Template that computes the per-source key for split legacy configurations. The
default template is equivalent to ``%hostname%``. In the canonical single-file
``policy`` YAML, use ``perSource.keyTemplate`` instead.

.. _ratelimit_persourcemaxstates:

perSourceMaxStates
^^^^^^^^^^^^^^^^^^

.. csv-table::
   :header: "type", "required", "default"
   :widths: 20, 10, 20

   "integer", "no", "10000"

Upper bound on the number of tracked sender keys for per-source limits.
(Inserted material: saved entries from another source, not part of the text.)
(* Let $\mathcal{X} \subseteq \mathbb{R}^m$ be countable and let $\widehat\nu = \sum_{j=1}^N \widehat\nu_j \delta_{\widehat x_j}$ be a probability mass function on $\mathcal{X}$ supported on $N$ distinct points $\widehat x_1,\dots,\widehat x_N \in \mathcal{X}$ with $\widehat\nu_j > 0$ for all $j$ and $\sum_j \widehat\nu_j = 1$. For $\varepsilon \ge 0$ let $\mathbb{B}_{\mathrm{KL}}(\widehat\nu,\varepsilon) = \{\nu \in \mathcal{M}(\mathcal{X}) : \mathrm{KL}(\widehat\nu \parallel \nu) \le \varepsilon\}$. Then for any $\varepsilon \ge 0$ and any $x \in \mathcal{X}$ there exists a measure $\nu^\star_{\mathrm{KL}} \in \mathbb{B}_{\mathrm{KL}}(\widehat\nu,\varepsilon)$ such that $$\sup_{\nu \in \mathbb{B}_{\mathrm{KL}}(\widehat\nu,\varepsilon)} \nu(x) = \nu^\star_{\mathrm{KL}}(x).$$ Moreover, $\nu^\star_{\mathrm{KL}}$ is supported on at most $N+1$ points and satisfies $\mathrm{supp}(\nu^\star_{\mathrm{KL}}) \subseteq \mathrm{supp}(\widehat\nu) \cup \{x\}$.
   Context: $\mathcal{M}(\mathcal{X})$ is the set of probability mass functions supported on $\mathcal{X}$; $\delta_z$ is the Dirac measure at $z$. For $\nu_1,\nu_2 \in \mathcal{M}(\mathcal{X})$ with $\nu_1$ absolutely continuous with respect to $\nu_2$, the Kullback–Leibler divergence is $\mathrm{KL}(\nu_1 \parallel \nu_2) = \sum_{z \in \mathcal{X}} f(\nu_1(z)/\nu_2(z))\,\nu_2(z)$ with $f(t) = t\log t - t + 1$ (so $f(0)=1$). *)

theory Defs
  imports "HOL-Probability.Probability"
begin

definition kl_f :: "real \<Rightarrow> real" where
  "kl_f t = t * ln t - t + 1"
When the cap is reached,
least-recently-used sender state is evicted.

.. _ratelimit_persourcetopn:

perSourceTopN
^^^^^^^^^^^^^

.. csv-table::
   :header: "type", "required", "default"
   :widths: 20, 10, 20

   "integer", "no", "10"

Number of per-source drop counters to expose in statistics output (top-N by drops).

Example
-------

.. code-block:: rsyslog

   # Define a strict rate limit for public facing ports
   ratelimit(name="strict" interval="1" burst="50")

   # Rate-limit only lower-priority journal traffic
   ratelimit(name="journal_lowprio"
             interval="600"
             burst="20000"
             severity="info")

   # Define a watched YAML policy for automatic reload
   ratelimit(name="watched"
             policy="/etc/rsyslog/ratelimit.yaml"
             policyWatch="on"
             policyWatchDebounce="500ms")

   # Define per-source policy for TCP inputs
   template(name="PerSourceIP" type="string" string="%fromhost-ip%")
   ratelimit(name="per_source"
             policy="/etc/rsyslog/imtcp-ratelimits.yaml")

   # Apply it to a TCP listener
   input(type="imtcp" port="10514" rateLimit.Name="strict")

   # Apply it to a Plain TCP listener
   input(type="imptcp" port="10515" rateLimit.Name="strict")

   # Apply per-source limits to a TCP listener
   input(type="imtcp" port="10516" rateLimit.Name="per_source")

   # Apply a severity-aware shared policy to the journal reader
   module(load="imjournal" rateLimit.Name="journal_lowprio")

Per-source key examples
-----------------------

The policy file selects the template through ``perSource.keyTemplate``; defining
the template alone is not enough.

.. code-block:: yaml

   # /etc/rsyslog/imtcp-ratelimits-ip.yaml
   interval: 1
   burst: 100
   perSource:
     enabled: true
     keyTemplate: "PerSourceIP"
     default:
       max: 10
       window: 1s

.. code-block:: rsyslog

   # Key by IP address
   template(name="PerSourceIP" type="string" string="%fromhost-ip%")
   ratelimit(name="per_source_ip"
             policy="/etc/rsyslog/imtcp-ratelimits-ip.yaml")
   input(type="imtcp" port="514" rateLimit.Name="per_source_ip")

.. code-block:: yaml

   # /etc/rsyslog/imtcp-ratelimits-host.yaml
   interval: 1
   burst: 100
   perSource:
     enabled: true
     keyTemplate: "PerSourceHost"
     default:
       max: 10
       window: 1s

.. code-block:: rsyslog

   # Key by hostname (default)
   template(name="PerSourceHost" type="string" string="%hostname%")
   ratelimit(name="per_source_host"
             policy="/etc/rsyslog/imtcp-ratelimits-host.yaml")
   input(type="imtcp" port="514" rateLimit.Name="per_source_host")

Input modules only reference the named ratelimit object with
``rateLimit.Name``. Per-source key evaluation and enforcement are handled by the
shared ratelimit object so modules inherit new ratelimit features without
module-specific API calls.

Per-source limit hits use the same discard semantics as global ratelimit hits:
the message is consumed by the ratelimiter and is not counted as successfully
submitted by the input module. Transport callbacks that must acknowledge a
discarded message, such as RELP, handle that acknowledgement in the module after
the ratelimiter has reported the discard.